Steven Soderbergh continues his quest to be the Jay-Z of independent filmmaking, announcing his retirement in no uncertain terms and then suddenly getting busier than ever—and even doing some nauseating things with Gwyneth Paltrow. The last couple of weeks have seen near-daily casting reports of all the torsos who will fill out his male stripper drama Magic Mike (a roster that now includes Channing Tatum, Matthew McConaughey, Joe Manganiello, Matthew Bomer, Alex Pettyfer, and William Levy), surprise drop-ins on the set of The Hunger Games, and of course, promotion for the upcoming Haywire and Contagion, an industriousness that would seem to reinforce Soderbergh’s recent assertion that said “retirement” rumors were nothing more than Matt Damon babbling like a “14-year-old girl” who got into her parents’ Schnapps. 

But then he goes and falls back into old patterns in interviews like this one in the New York Times, where he says he really is going to pursue a career in painting. And suddenly Soderbergh’s “retirement” once again seems like a certainty, albeit one that still has frustrating caveats. “I'm interested in exploring another art form while I have the time and ability to do so,” Soderbergh says—which, okay then, it sounds like he’s definitely serious about retiring. Yet then he adds, “I'll be the first person to say if I can't be any good at it and run out of money I'll be back making another Ocean's movie”—which is far more nebulous and annoying. What remains clear is that Soderbergh still has to finish Magic Mike, his Liberace biopic, and The Man From U.N.C.L.E. before he finally has to make up his mind, and so we have at least couple more years of stories like these.

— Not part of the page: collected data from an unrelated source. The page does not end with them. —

(* Let $p,q,r>0$ with $p+q+r=1$ and $q>p$. Consider the nearest-neighbor Markov chain on $\Omega=\{0,1,2,\dots\}$ with transition probabilities $P(0,1)=1$ and, for $n\ge 1$, $P(n,n-1)=q$, $P(n,n)=r$, $P(n,n+1)=p$, started at $X_0=0$. Let $Q_n$ be its orthogonal polynomials and $\psi$ its spectral measure (as defined in the context), let $\nu$ be its stationary distribution and $\mu_t$ the distribution of $X_t$. Then for all integers $t,n\ge 0$, $$\int_{(-1,1)} \lambda^t Q_n(\lambda)\, d\psi(\lambda) = \frac{(1+q-p)(q+r)-q}{(1+q-p)(q+r)}\left(-\frac{q}{q+r}\right)^{t+n} + \left(\sqrt{\frac{q}{p}}\right)^n \frac{p}{q+r}\cdot \frac{1}{2\pi i}\oint_{|z|=1}\frac{\left(\sqrt{pq}(z+z^{-1})+r\right)^t z^n (z-z^{-1})}{\left(z-\sqrt{\frac{p}{q}}\frac{r+(1+q-p)}{2(q+r)}\right)\left(z-\sqrt{\frac{p}{q}}\frac{r-(1+q-p)}{2(q+r)}\right)}\,dz,$$ and for every $t\ge 0$ the total variation distance satisfies $$\|\nu-\mu_t\|_{TV}\le A\left(\frac{q}{q+r}\right)^t + B\left(r+2\sqrt{pq}\right)^t,$$ where $$A=\frac{(1+q-p)(q+r)-q}{(1+q-p)(1-2p)},\qquad B=\frac{\frac{p}{q+r}\left(1+\frac{1}{\sqrt{pq}-p}\right)}{\left(1-\sqrt{\frac{p}{q}}\frac{r+(1+q-p)}{2(q+r)}\right)\left(1+\sqrt{\frac{p}{q}}\frac{r-(1+q-p)}{2(q+r)}\right)}.$$ Consequently, as $\varepsilon\downarrow 0$, the mixing time satisfies $t_{mix}(\varepsilon)=O\!\left(\frac{\log \varepsilon}{\log m(p,q)}\right)$, where $m(p,q)=\max\left[r+2\sqrt{pq},\ \frac{q}{q+r}\right]$.
   Context: The contour $|z|=1$ is traversed counterclockwise. Reversibility measure: $\pi_0=1$, $\pi_n=p^{n-1}/q^n$ for $n\ge1$; $\rho=\sum_{n\ge0}\pi_n$ and the stationary distribution is $\nu=\pi/\rho$. Orthogonal polynomials: $Q_0(\lambda)=1$, $Q_1(\lambda)=\lambda$, and $\lambda Q_n(\lambda)=qQ_{n-1}(\lambda)+rQ_n(\lambda)+pQ_{n+1}(\lambda)$ for $n\ge1$ (so $(Q_n(\lambda))_n$ is the formal eigenvector $PQ=\lambda Q$). The spectral measure $\psi$ is the (Karlin–McGregor) probability measure on $[-1,1]$ for which $\int Q_iQ_j\,d\psi=\delta_{ij}/\pi_j$, equivalently $P^t(i,j)=\pi_j\int_{-1}^1\lambda^tQ_i(\lambda)Q_j(\lambda)\,d\psi(\lambda)$ for all $i,j,t$; the integral in the claim is over the open interval $(-1,1)$, excluding the atom at $1$. Total variation distance: $\|\nu-\mu\|_{TV}=\frac12\sum_{x\in\Omega}|\nu(x)-\mu(x)|$. Mixing time (from $X_0=0$): $t_{mix}(\varepsilon)=\min\{t:\|\nu-\mu_t\|_{TV}\le\varepsilon\}$. *)

theory Defs
  imports "HOL-Complex_Analysis.Complex_Analysis" "HOL-Probability.Probability"
    "HOL-Library.Landau_Symbols"
begin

Incidentally, Soderbergh will be doing that last one without George Clooney, who recently dropped out of the stunt-heavy project due to the lingering back injuries he sustained on Syriana. But don’t worry: No doubt those two will still get to work together again, somewhere around Soderbergh’s second or third retirement. Maybe on that one he’ll say he’s leaving filmmaking to do something more fun, like becoming a tugboat captain?